31 Outubro 2024
No passado dia 24 de outubro foi celebrada a missa fúnebre do teólogo Gustavo Gutiérrez na Basílica do Santíssimo Rosário, de Lima. Publicamos a homilia do arcebispo local, D. Carlos Castillo Mattasoglio, na ocasião.
O texto é de Carlos Castillo Mattasoglio, publicado por Settimana News, 29-10-2024.
Queridos irmãos e irmãs,
estamos aqui como testemunhas de uma história muito concreta, que em nossas vidas foi atravessada pela Cruz do Senhor e pela sua Ressurreição, graças à palavra, ao incentivo, à companhia, ao testemunho e ao ministério do nosso querido Gustavo. Seria estranho se aqui fôssemos pessoas que não fossem tocadas pelo poder da sua palavra, porque é a Palavra do Senhor. Gustavo, pela experiência humana que viveu, sempre soube, com grande espírito de disponibilidade diante do Senhor, desde muito jovem, deixar-se questionar − como dizia: “perguntar” − por aquela palavra que ele sempre colocou no centro da vida do ser humano.

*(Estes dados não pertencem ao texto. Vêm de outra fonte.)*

(* Fix $\lambda>0$ and let $M_\lambda(x)=E[v_{x,\lambda}]$ for $x\ge 0$, where $v_{x,\lambda}$ is the number of unit intervals at saturation in the exponential parking process on $(0,x)$ described in the context. Then $M_\lambda(x)=0$ for $0\le x\le 1$, and for all $x>0$, \[ M_{\lambda}(x+1)=\int_0^x\frac{\lambda e^{-\lambda t}}{1-e^{-\lambda x}}\bigl(M_{\lambda}(t)+M_{\lambda}(x-t)\bigr)\,dt+1 . \]
   Context: Exponential parking process: fix $\lambda>0$ and $x\ge 0$. Open unit intervals are placed one at a time in $(0,x)$. For each candidate, the left endpoint is drawn independently with density $f(t;\lambda,x)=\frac{\lambda e^{-\lambda t}}{1-e^{-\lambda(x-1)}}$ for $0<t<x-1$, and $0$ otherwise. A candidate that intersects a previously placed interval is discarded, and the procedure is repeated. The process stops at saturation, i.e. when no further open unit interval contained in $(0,x)$ can be placed disjoint from the ones already placed. The random variable $v_{x,\lambda}$ is the number of intervals present at saturation; $v_{x,\lambda}=0$ when $x\le 1$. *)

theory Defs
  imports "HOL-Probability.Probability"
begin

text \<open>Density of the left endpoint of a candidate interval in the exponential
  parking process on (0,x) with rate l.\<close>
definition park_dens :: "real \<Rightarrow> real \<Rightarrow> real \<Rightarrow> real" where
  "park_dens l x t =
     (if 0 < t \<and> t < x - 1 then l * exp (- l * t) / (1 - exp (- l * (x - 1))) else 0)"

definition park_cand :: "real \<Rightarrow> real \<Rightarrow> real measure" where
  "park_cand l x = density lborel (\<lambda>t. ennreal (park_dens l x t))"

text \<open>Open unit intervals (s,s+1) and (t,t+1) are disjoint iff |s - t| >= 1.
  One step: the candidate with left endpoint t is kept iff it is disjoint from
  all placed intervals (given by their left endpoints).\<close>
definition park_step :: "real set \<Rightarrow> real \<Rightarrow> real set" where
  "park_step S t = (if \<forall>s\<in>S. \<bar>s - t\<bar> \<ge> 1 then insert t S else S)"

fun park_placed :: "real stream \<Rightarrow> nat \<Rightarrow> real set" where
  "park_placed w 0 = {}"
| "park_placed w (Suc n) = park_step (park_placed w n) (w !! n)"

definition park_saturated :: "real \<Rightarrow> real set \<Rightarrow> bool" where
  "park_saturated x S \<longleftrightarrow>
     \<not> (\<exists>a. 0 \<le> a \<and> a + 1 \<le> x \<and> (\<forall>s\<in>S. \<bar>s - a\<bar> \<ge> 1))"

text \<open>Number of intervals at saturation (the process stops at the first
  saturated time); on the null event that saturation is never reached we
  put 0.  For x <= 1 the count is 0 by convention.\<close>
definition park_count :: "real \<Rightarrow> real stream \<Rightarrow> real" where
  "park_count x w =
     (if x \<le> 1 then 0
      else if \<exists>n. park_saturated x (park_placed w n)
      then real (card (park_placed w (LEAST n. park_saturated x (park_placed w n))))
      else 0)"

definition park_M :: "real \<Rightarrow> real \<Rightarrow> real" where
  "park_M l x = (if x \<le> 1 then 0
                 else integral\<^sup>L (stream_space (park_cand l x)) (park_count x))"

end

theory Submission
  imports Defs
begin

text \<open>
  Start the process from an arbitrary finite configuration S of placed left endpoints and let
  E(X,S) be the expected number of intervals at saturation. Conditioning on the first candidate
  s gives E(X,S) = E_s E(X, park_step S s); since rejected candidates leave S unchanged, this
  says that the set F of free positions of S satisfies P(F) E(X,S) = \<integral>_F E(X, S \<union> {s}) dP(s).

  Once an interval (t, t+1) is placed, the free set of S = L \<union> {t} \<union> (R + t + 1) splits into
  the free set of L in (0,t) and a shifted copy of the free set of R in (0, X-1-t), and by
  memorylessness the truncated exponential law restricted to either part is again a truncated
  exponential law. Hence E(X,S) and 1 + E(t,L) + E(X-1-t,R) satisfy the same recursion, and
  a downward induction on the number of placed intervals (at most X of them) identifies them.
  The base case is a free set of measure zero, which (up to finitely many exceptional
  positions) means that S is saturated. Applying this to S = {s} for the first candidate s
  gives the integral equation.
\<close>

section \<open>Parking from a given configuration\<close>

definition park_free :: "real set \<Rightarrow> real set" where
  "park_free S = {a. \<forall>s\<in>S. 1 \<le> \<bar>s - a\<bar>}"

lemma closed_park_free: "closed (park_free S)"
proof -
  have "park_free S = (\<Inter>s\<in>S. {a. 1 \<le> \<bar>s - a\<bar>})"
    unfolding park_free_def by auto
  then show ?thesis
    by (auto intro!: closed_INT closed_Collect_le continuous_intros)
qed

lemma sets_park_free[measurable]: "park_free S \<in> sets borel"
  using closed_park_free by (rule borel_closed)

lemma park_free_not_in: "s \<in> park_free S \<Longrightarrow> s \<notin> S"
  unfolding park_free_def by force

lemma park_step_eq: "park_step S s = (if s \<in> park_free S then insert s S else S)"
  unfolding park_step_def park_free_def by simp

fun park_from :: "real set \<Rightarrow> real stream \<Rightarrow> nat \<Rightarrow> real set" where
  "park_from S w 0 = S"
| "park_from S w (Suc n) = park_step (park_from S w n) (w !! n)"

lemma park_placed_eq_park_from: "park_placed w n = park_from {} w n"
  by (induct n) auto

lemma park_from_Stream: "park_from S (s ## w) (Suc n) = park_from (park_step S s) w n"
  by (induct n) auto

definition park_accepts :: "real set \<Rightarrow> real stream \<Rightarrow> nat \<Rightarrow> bool" where
  "park_accepts S w j \<longleftrightarrow> w !! j \<in> park_free (park_from S w j)"

lemma park_from_Suc_accepts:
  "park_from S w (Suc n) =
     (if park_accepts S w n then insert (w !! n) (park_from S w n) else park_from S w n)"
  by (simp add: park_accepts_def park_step_eq)

lemma park_from_eq: "park_from S w n = S \<union> {w !! j | j. j < n \<and> park_accepts S w j}"
proof (induct n)
  case (Suc n)
  show ?case
    unfolding park_from_Suc_accepts Suc by (auto simp: less_Suc_eq)
qed simp

lemma park_free_park_from:
  "a \<in> park_free (park_from S w n) \<longleftrightarrow>
     a \<in> park_free S \<and> (\<forall>j\<in>{..<n}. park_accepts S w j \<longrightarrow> 1 \<le> \<bar>w !! j - a\<bar>)"
  unfolding park_from_eq park_free_def by auto

lemma park_accepts_iff:
  "park_accepts S w j \<longleftrightarrow>
     w !! j \<in> park_free S \<and> (\<forall>i\<in>{..<j}. park_accepts S w i \<longrightarrow> 1 \<le> \<bar>w !! i - w !! j\<bar>)"
  using park_free_park_from[of "w !! j" S w j] unfolding park_accepts_def[of S w j] .

lemma measurable_park_accepts[measurable]:
  "Measurable.pred (stream_space borel) (\<lambda>w. park_accepts S w j)"
proof (induct j rule: less_induct)
  case (less j)
  have [measurable]: "Measurable.pred (stream_space borel)
      (\<lambda>w. \<forall>i\<in>{..<j}. park_accepts S w i \<longrightarrow> 1 \<le> \<bar>w !! i - w !! j\<bar>)"
  proof (rule pred_intros_finite(3)[OF finite_lessThan])
    fix i assume "i \<in> {..<j}"
    then have [measurable]: "Measurable.pred (stream_space borel) (\<lambda>w. park_accepts S w i)"
      using less by simp
    show "Measurable.pred (stream_space borel) (\<lambda>w. park_accepts S w i \<longrightarrow> 1 \<le> \<bar>w !! i - w !! j\<bar>)"
      by measurable
  qed
  show ?case
    by (subst park_accepts_iff) measurable
qed

lemma finite_park_from: "finite S \<Longrightarrow> finite (park_from S w n)"
  by (induct n) (auto simp: park_step_def)

lemma card_park_from_Suc:
  assumes "finite S"
  shows "card (park_from S w (Suc n)) =
           card (park_from S w n) + (if park_accepts S w n then 1 else 0)"
  using finite_park_from[OF assms, of w n] park_free_not_in[of "w !! n" "park_from S w n"]
  unfolding park_from_Suc_accepts park_accepts_def by (simp del: park_from.simps)

lemma measurable_card_park_from:
  assumes "finite S"
  shows "(\<lambda>w. real (card (park_from S w n))) \<in> borel_measurable (stream_space borel)"
proof (induct n)
  case (Suc n)
  then show ?case
    by (simp add: card_park_from_Suc[OF assms] del: park_from.simps) measurable
qed simp

lemma not_park_saturated_iff:
  assumes "finite T"
  shows "\<not> park_saturated X T \<longleftrightarrow>
           (\<exists>a\<in>insert 0 ((\<lambda>s. s + 1) ` T). 0 \<le> a \<and> a + 1 \<le> X \<and> a \<in> park_free T)"
proof
  assume "\<not> park_saturated X T"
  then obtain a where a: "0 \<le> a" "a + 1 \<le> X" "a \<in> park_free T"
    unfolding park_saturated_def park_free_def by auto
  \<comment> \<open>slide a to the left until it touches a placed interval or the wall 0\<close>
  define B where "B = insert 0 {s + 1 | s. s \<in> T \<and> s + 1 \<le> a}"
  have "finite B"
    unfolding B_def using assms by auto
  define a' where "a' = Max B"
  have "a' \<in> B"
    unfolding a'_def using \<open>finite B\<close> B_def by (intro Max_in) auto
  have a'_ge: "b \<le> a'" if "b \<in> B" for b
    unfolding a'_def using \<open>finite B\<close> that by simp
  have "a' \<le> a"
    using \<open>a' \<in> B\<close> a(1) unfolding B_def by auto
  have "0 \<le> a'"
    using a'_ge[of 0] unfolding B_def by simp
  have "1 \<le> \<bar>s - a'\<bar>" if "s \<in> T" for s
  proof (cases "s + 1 \<le> a")
    case True
    then have "s + 1 \<in> B"
      unfolding B_def using that by blast
    then show ?thesis
      using a'_ge[of "s + 1"] by simp
  next
    case False
    have "1 \<le> \<bar>s - a\<bar>"
      using a(3) that unfolding park_free_def by blast
    then show ?thesis
      using False \<open>a' \<le> a\<close> by linarith
  qed
  then have "a' \<in> park_free T"
    unfolding park_free_def by blast
  moreover have "a' \<in> insert 0 ((\<lambda>s. s + 1) ` T)"
    using \<open>a' \<in> B\<close> unfolding B_def by blast
  ultimately show "\<exists>a\<in>insert 0 ((\<lambda>s. s + 1) ` T). 0 \<le> a \<and> a + 1 \<le> X \<and> a \<in> park_free T"
    using \<open>0 \<le> a'\<close> \<open>a' \<le> a\<close> a(2) by force
next
  assume "\<exists>a\<in>insert 0 ((\<lambda>s. s + 1) ` T). 0 \<le> a \<and> a + 1 \<le> X \<and> a \<in> park_free T"
  then show "\<not> park_saturated X T"
    unfolding park_saturated_def park_free_def by blast
qed

lemma measurable_park_saturated:
  assumes "finite S"
  shows "Measurable.pred (stream_space borel) (\<lambda>w. park_saturated X (park_from S w n))"
proof -
  define fits where "fits w a \<longleftrightarrow> 0 \<le> a \<and> a + 1 \<le> X \<and> a \<in> park_free S \<and>
    (\<forall>j\<in>{..<n}. park_accepts S w j \<longrightarrow> 1 \<le> \<bar>w !! j - a\<bar>)" for w a
  have "park_saturated X (park_from S w n) \<longleftrightarrow>
          \<not> (fits w 0 \<or> (\<exists>s\<in>S. fits w (s + 1)) \<or>
             (\<exists>j\<in>{..<n}. park_accepts S w j \<and> fits w (w !! j + 1)))" for w
    using not_park_saturated_iff[OF finite_park_from[OF assms], of X w n]
    unfolding park_free_park_from fits_def by (auto simp: park_from_eq)
  moreover have "Measurable.pred (stream_space borel) (\<lambda>w.
          \<not> (fits w 0 \<or> (\<exists>s\<in>S. fits w (s + 1)) \<or>
             (\<exists>j\<in>{..<n}. park_accepts S w j \<and> fits w (w !! j + 1))))"
    unfolding fits_def
    by (intro pred_intros_logic pred_intros_countable_bounded)
      (use assms in \<open>auto intro: countable_finite\<close>)
  ultimately show ?thesis
    by simp
qed

definition park_final :: "real \<Rightarrow> real set \<Rightarrow> real stream \<Rightarrow> real" where
  "park_final X S w =
     (if \<exists>n. park_saturated X (park_from S w n)
      then real (card (park_from S w (LEAST n. park_saturated X (park_from S w n)))) else 0)"

lemma park_count_eq_park_final: "1 < X \<Longrightarrow> park_count X w = park_final X {} w"
  unfolding park_count_def park_final_def by (simp add: park_placed_eq_park_from)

Aqui temos pessoas de comunidades cristãs, padres, religiosos, bispos, mas também temos uma população de fiéis e alguns amigos de Gustavo, que não necessariamente se enquadram no horizonte altamente restrito que às vezes temos da Igreja, com limites claros e fechado em si mesmo. Gustavo, desde muito jovem, sempre esteve em contato com pessoas que pertenciam a diferentes horizontes, e soube dialogar com elas, fazer amigos e reconhecer uma presença do divino em tudo o que é humano.
Por isso estamos todos aqui hoje: cristãos, amigos da Igreja, inclusive alguns amigos muito distantes que talvez não acreditem, mas que sentiram em suas vidas a santa humanidade do nosso querido Gustavo. E viemos agradecer a Deus pela sua vida, e à Vida pela sua vida, porque sabemos que quando alguém marca a nossa vida, a única coisa que nos resta é ser grato, e viver uma vida grata. Isto é o que significa ter fé, não tanto para acreditar em Deus, mas sim para confiar que Ele acredita em nós e que, através do seu dom gratuito de amor, podemos deixar-nos guiar pelo Espírito para nos guiar, pequenos aos poucos, de forma criativa, ao serviço do significado profundo que este dom nos dá.

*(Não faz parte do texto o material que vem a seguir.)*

(* Let $\mathbf{C}\in\mathbb{R}^{dm\times dm}$ be the matrix defined in the context. Consider Problem (A): minimize $\langle \mathbf{C},\mathbf{R}^\top\mathbf{R}\rangle$ over $\mathbf{R}=[\mathbf{R}_1\cdots\mathbf{R}_m]\in\mathbb{R}^{d\times dm}$ subject to $\mathbf{R}_1,\ldots,\mathbf{R}_m\in\mathbb{SO}(d)$; Problem (B): minimize $\langle\mathbf{C},\mathbf{G}\rangle$ over symmetric $\mathbf{G}\in\mathbb{R}^{dm\times dm}$ subject to $\mathbf{G}$ positive semidefinite, $\mathrm{rank}(\mathbf{G})\le d$, $\mathbf{G}_{ii}=\mathbf{I}$ for $i\in\{1,\ldots,m\}$, and $\mathbf{G}_{i,i+1}\in\mathbb{SO}(d)$ for $i\in\{1,\ldots,m-1\}$. Then Problems (A) and (B) are equivalent: $\mathbf{G}^\star$ is a minimizer of (B) if and only if $\mathbf{G}^\star=(\mathbf{R}^\star)^\top\mathbf{R}^\star$ for some minimizer $\mathbf{R}^\star$ of (A).
   Context: $\mathbb{SO}(d)=\{\mathbf{R}\in\mathbb{R}^{d\times d}:\mathbf{R}^\top\mathbf{R}=\mathbf{I},\ \det\mathbf{R}=1\}$; $\langle\mathbf{A},\mathbf{B}\rangle=\mathrm{trace}(\mathbf{A}^\top\mathbf{B})$. For $\mathbf{X}\in\mathbb{R}^{dm\times dm}$, $\mathbf{X}_{ij}$ denotes its $(i,j)$-th $d\times d$ block. Data: point sets $\mathcal{P}_1,\ldots,\mathcal{P}_m\subset\mathbb{R}^d$; write $i\sim j$ if $\mathcal{P}_i$ and $\mathcal{P}_j$ share common points, with $n_{ij}$ common points whose local coordinates are $\boldsymbol{x}^k_{ij}$ (in $\mathcal{P}_i$) and $\boldsymbol{x}^k_{ji}$ (in $\mathcal{P}_j$), $1\le k\le n_{ij}$. Let $\boldsymbol{e}_i\in\mathbb{R}^m$ be the $i$-th standard basis vector, $\boldsymbol{e}_{ij}=\boldsymbol{e}_i-\boldsymbol{e}_j$, $\boldsymbol{d}^k_{ij}=(\boldsymbol{e}_i\otimes\mathbf{I})\boldsymbol{x}^k_{ij}-(\boldsymbol{e}_j\otimes\mathbf{I})\boldsymbol{x}^k_{ji}\in\mathbb{R}^{dm}$. Define $\mathbf{L}=\sum_{i\sim j}n_{ij}\boldsymbol{e}_{ij}\boldsymbol{e}_{ij}^\top$, $\mathbf{B}=\sum_{i\sim j}\sum_{k=1}^{n_{ij}}\boldsymbol{d}^k_{ij}\boldsymbol{e}_{ij}^\top$, $\mathbf{D}=\sum_{i\sim j}\sum_{k=1}^{n_{ij}}\boldsymbol{d}^k_{ij}(\boldsymbol{d}^k_{ij})^\top$, and $\mathbf{C}=\mathbf{D}-\mathbf{B}\mathbf{L}^\dagger\mathbf{B}^\top$, where $\mathbf{L}^\dagger$ is the Moore–Penrose pseudo-inverse. *)

theory Defs
  imports "Jordan_Normal_Form.DL_Rank" "Jordan_Normal_Form.Determinant"
begin

definition mat_trace :: "real mat \<Rightarrow> real" where
  "mat_trace A = (\<Sum>i<dim_row A. A $$ (i, i))"

definition mat_inner :: "real mat \<Rightarrow> real mat \<Rightarrow> real" where
  "mat_inner A B = mat_trace (transpose_mat A * B)"

definition SO :: "nat \<Rightarrow> real mat set" where
  "SO d = {Q. Q \<in> carrier_mat d d \<and> transpose_mat Q * Q = 1\<^sub>m d \<and> det Q = 1}"

definition psd :: "real mat \<Rightarrow> bool" where
  "psd A \<longleftrightarrow> (\<exists>n. A \<in> carrier_mat n n \<and> transpose_mat A = A \<and>
      (\<forall>v \<in> carrier_vec n. 0 \<le> v \<bullet> (A *\<^sub>v v)))"

definition mat_rank :: "real mat \<Rightarrow> nat" where
  "mat_rank A = vec_space.rank (dim_row A) A"

definition pinv :: "real mat \<Rightarrow> real mat" where
  "pinv A = (THE X. X \<in> carrier_mat (dim_col A) (dim_row A) \<and>
      A * X * A = A \<and> X * A * X = X \<and>
      transpose_mat (A * X) = A * X \<and> transpose_mat (X * A) = X * A)"

definition outer :: "real vec \<Rightarrow> real vec \<Rightarrow> real mat" where
  "outer u v = mat (dim_vec u) (dim_vec v) (\<lambda>(a, b). u $ a * v $ b)"

definition sum_mats :: "nat \<Rightarrow> nat \<Rightarrow> ('i \<Rightarrow> real mat) \<Rightarrow> 'i set \<Rightarrow> real mat" where
  "sum_mats nr nc f S = mat nr nc (\<lambda>(a, b). \<Sum>s\<in>S. f s $$ (a, b))"

section \<open>Block notation (0-based block indices)\<close>

definition blk :: "nat \<Rightarrow> real mat \<Rightarrow> nat \<Rightarrow> nat \<Rightarrow> real mat" where
  "blk d X i j = mat d d (\<lambda>(a, b). X $$ (d * i + a, d * j + b))"

definition cblk :: "nat \<Rightarrow> real mat \<Rightarrow> nat \<Rightarrow> real mat" where
  "cblk d R i = mat d d (\<lambda>(a, b). R $$ (a, d * i + b))"

text \<open>(e_i \<otimes> I) v : places v in the i-th block of a vector of length dm.\<close>
definition emb :: "nat \<Rightarrow> nat \<Rightarrow> nat \<Rightarrow> real vec \<Rightarrow> real vec" where
  "emb d m i v = vec (d * m) (\<lambda>c. if c div d = i then v $ (c mod d) else 0)"

text \<open>Data: n i j = number of common points of P_i and P_j (i \<sim> j iff n i j > 0);
  x i j k = local coordinates in P_i of the k-th common point (k < n i j).
  Pairs i \<sim> j are summed once each (as unordered pairs, i < j); 0-based indices.\<close>
definition edges :: "nat \<Rightarrow> (nat \<Rightarrow> nat \<Rightarrow> nat) \<Rightarrow> (nat \<times> nat) set" where
  "edges m n = {(i, j). i < j \<and> j < m \<and> 0 < n i j}"

definition evec :: "nat \<Rightarrow> nat \<Rightarrow> nat \<Rightarrow> real vec" where
  "evec m i j = unit_vec m i - unit_vec m j"

definition dvec :: "nat \<Rightarrow> nat \<Rightarrow> (nat \<Rightarrow> nat \<Rightarrow> nat \<Rightarrow> real vec) \<Rightarrow> nat \<Rightarrow> nat \<Rightarrow> nat \<Rightarrow> real vec" where
  "dvec d m x i j k = emb d m i (x i j k) - emb d m j (x j i k)"

definition Lmat :: "nat \<Rightarrow> (nat \<Rightarrow> nat \<Rightarrow> nat) \<Rightarrow> real mat" where
  "Lmat m n = sum_mats m m (\<lambda>(i, j). real (n i j) \<cdot>\<^sub>m outer (evec m i j) (evec m i j)) (edges m n)"

definition Bmat :: "nat \<Rightarrow> nat \<Rightarrow> (nat \<Rightarrow> nat \<Rightarrow> nat) \<Rightarrow> (nat \<Rightarrow> nat \<Rightarrow> nat \<Rightarrow> real vec) \<Rightarrow> real mat" where
  "Bmat d m n x = sum_mats (d * m) m
     (\<lambda>((i, j), k). outer (dvec d m x i j k) (evec m i j))
     (SIGMA e : edges m n. {..< n (fst e) (snd e)})"

definition Dmat :: "nat \<Rightarrow> nat \<Rightarrow> (nat \<Rightarrow> nat \<Rightarrow> nat) \<Rightarrow> (nat \<Rightarrow> nat \<Rightarrow> nat \<Rightarrow> real vec) \<Rightarrow> real mat" where
  "Dmat d m n x = sum_mats (d * m) (d * m)
     (\<lambda>((i, j), k). outer (dvec d m x i j k) (dvec d m x i j k))
     (SIGMA e : edges m n. {..< n (fst e) (snd e)})"

definition Cmat :: "nat \<Rightarrow> nat \<Rightarrow> (nat \<Rightarrow> nat \<Rightarrow> nat) \<Rightarrow> (nat \<Rightarrow> nat \<Rightarrow> nat \<Rightarrow> real vec) \<Rightarrow> real mat" where
  "Cmat d m n x = Dmat d m n x - Bmat d m n x * pinv (Lmat m n) * transpose_mat (Bmat d m n x)"

definition feasA :: "nat \<Rightarrow> nat \<Rightarrow> real mat \<Rightarrow> bool" where
  "feasA d m R \<longleftrightarrow> R \<in> carrier_mat d (d * m) \<and> (\<forall>i<m. cblk d R i \<in> SO d)"

definition minA :: "nat \<Rightarrow> nat \<Rightarrow> real mat \<Rightarrow> real mat \<Rightarrow> bool" where
  "minA d m C R \<longleftrightarrow> feasA d m R \<and>
     (\<forall>R'. feasA d m R' \<longrightarrow> mat_inner C (transpose_mat R * R) \<le> mat_inner C (transpose_mat R' * R'))"

definition feasB :: "nat \<Rightarrow> nat \<Rightarrow> real mat \<Rightarrow> bool" where
  "feasB d m G \<longleftrightarrow> G \<in> carrier_mat (d * m) (d * m) \<and> transpose_mat G = G \<and> psd G \<and>
     mat_rank G \<le> d \<and> (\<forall>i<m. blk d G i i = 1\<^sub>m d) \<and>
     (\<forall>i. i + 1 < m \<longrightarrow> blk d G i (i + 1) \<in> SO d)"

definition minB :: "nat \<Rightarrow> nat \<Rightarrow> real mat \<Rightarrow> real mat \<Rightarrow> bool" where
  "minB d m C G \<longleftrightarrow> feasB d m G \<and>
     (\<forall>G'. feasB d m G' \<longrightarrow> mat_inner C G \<le> mat_inner C G')"

end

theory Submission
  imports Defs "Jordan_Normal_Form.DL_Rank_Submatrix"
begin

text \<open>A feasible point of (B) has rank at most \<open>d\<close> and its leading \<open>d \<times> d\<close> block is the
  identity. Every \<open>(d+1)\<close>-minor bordering that block must vanish, which forces the Schur
  complement of the block to be zero; hence \<open>G = R\<^sup>T R\<close> where \<open>R\<close> consists of the first \<open>d\<close>
  rows of \<open>G\<close>. The constraints \<open>G\<^sub>i\<^sub>i = I\<close> make the blocks \<open>R\<^sub>i\<close> orthogonal, and
  \<open>R\<^sub>1 = I\<close> together with \<open>det (R\<^sub>i\<^sup>T R\<^sub>i\<^sub>+\<^sub>1) = 1\<close> propagates \<open>det R\<^sub>i = 1\<close> along the chain.
  Conversely every \<open>R\<^sup>T R\<close> with \<open>R\<^sub>i \<in> SO(d)\<close> is feasible for (B). So the map
  \<open>R \<mapsto> R\<^sup>T R\<close> is onto the feasible set of (B) and preserves the objective, whatever \<open>C\<close> is.\<close>

lemma block_index_less: "a < d \<Longrightarrow> i < m \<Longrightarrow> d * i + a < d * (m::nat)"
proof -
  assume "a < d" "i < m"
  then have "d * i + a < d * (i + 1)" by simp
  also have "\<dots> \<le> d * m" using \<open>i < m\<close> by (intro mult_le_mono2) simp
  finally show ?thesis .
qed

lemma blk_transpose_mult:
  assumes R: "R \<in> carrier_mat d (d * m)" and i: "i < m" and j: "j < m"
  shows "blk d (transpose_mat R * R) i j = transpose_mat (cblk d R i) * cblk d R j"
  using R block_index_less[OF _ i, of _ d] block_index_less[OF _ j, of _ d]
  by (intro eq_matI) (auto simp: blk_def cblk_def scalar_prod_def)

lemma transpose_mult_self_symmetric:
  fixes R :: "'a :: comm_semiring_0 mat"
  assumes R: "R \<in> carrier_mat d N"
  shows "transpose_mat (transpose_mat R * R) = transpose_mat R * R"
  using R by (subst transpose_mult[of _ N d _ N]) auto

lemma psd_transpose_mult_self:
  fixes R :: "real mat"
  assumes R: "R \<in> carrier_mat d N"
  shows "psd (transpose_mat R * R)"
  unfolding psd_def
proof (intro exI[of _ N] conjI ballI)
  show "transpose_mat R * R \<in> carrier_mat N N" using R by auto
  show "transpose_mat (transpose_mat R * R) = transpose_mat R * R"
    using transpose_mult_self_symmetric[OF R] .
  fix v :: "real vec" assume v: "v \<in> carrier_vec N"
  have "v \<bullet> ((transpose_mat R * R) *\<^sub>v v) = v \<bullet> (transpose_mat R *\<^sub>v (R *\<^sub>v v))"
    using R v by (subst assoc_mult_mat_vec[of _ N d _ N]) auto
  also have "\<dots> = (transpose_mat R *\<^sub>v (R *\<^sub>v v)) \<bullet> v"
    using R v by (intro comm_scalar_prod[of _ N]) auto
  also have "\<dots> = (R *\<^sub>v v) \<bullet> (R *\<^sub>v v)"
    using R v by (intro transpose_vec_mult_scalar) auto
  also have "\<dots> \<ge> 0" unfolding scalar_prod_def by (intro sum_nonneg) auto
  finally show "0 \<le> v \<bullet> ((transpose_mat R * R) *\<^sub>v v)" .
qed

Ser cristão significa acolher o dom, não criar para nós mesmos imagens de Deus que depois se tornam uma série de práticas e imaginações, e então, portanto, confessar o que criamos. Ser cristão significa acolher na nossa vida o dom misericordioso de Deus, representado fundamentalmente pelo dom generoso de Jesus como dom do Pai; significa deixar-se levar pelo que Gustavo chamou de “a gratuidade do amor de Deus” e que hoje o Papa Francisco reiterou em sua encíclica sobre o Coração de Jesus. O Papa chama de “dom gratuito”, e Gustavo chama de “gratuidade”. do amor de Deus.
Se não somos amados livremente, a vida não tem sentido, porque a vida só teria o sentido “limitado” que podemos dar-lhe, que é sincero como forma de encontrar algo na existência, mas é insuficiente, porque nós o criamos. E o que Gustavo nos ensinou é aceitar o dom da revelação; e se ele não foi explícito, como muitos de nós que estamos aqui, e nos tornamos ministros como ele, outros que, talvez, não entendessem muito, sentiram a sua presença como um dom, e assim Jesus entrou em suas vidas. E sendo seus amigos, continuam a seguir o mesmo caminho que percorremos como Igreja, de serviço aos pobres, de justiça e de compromisso com a vida.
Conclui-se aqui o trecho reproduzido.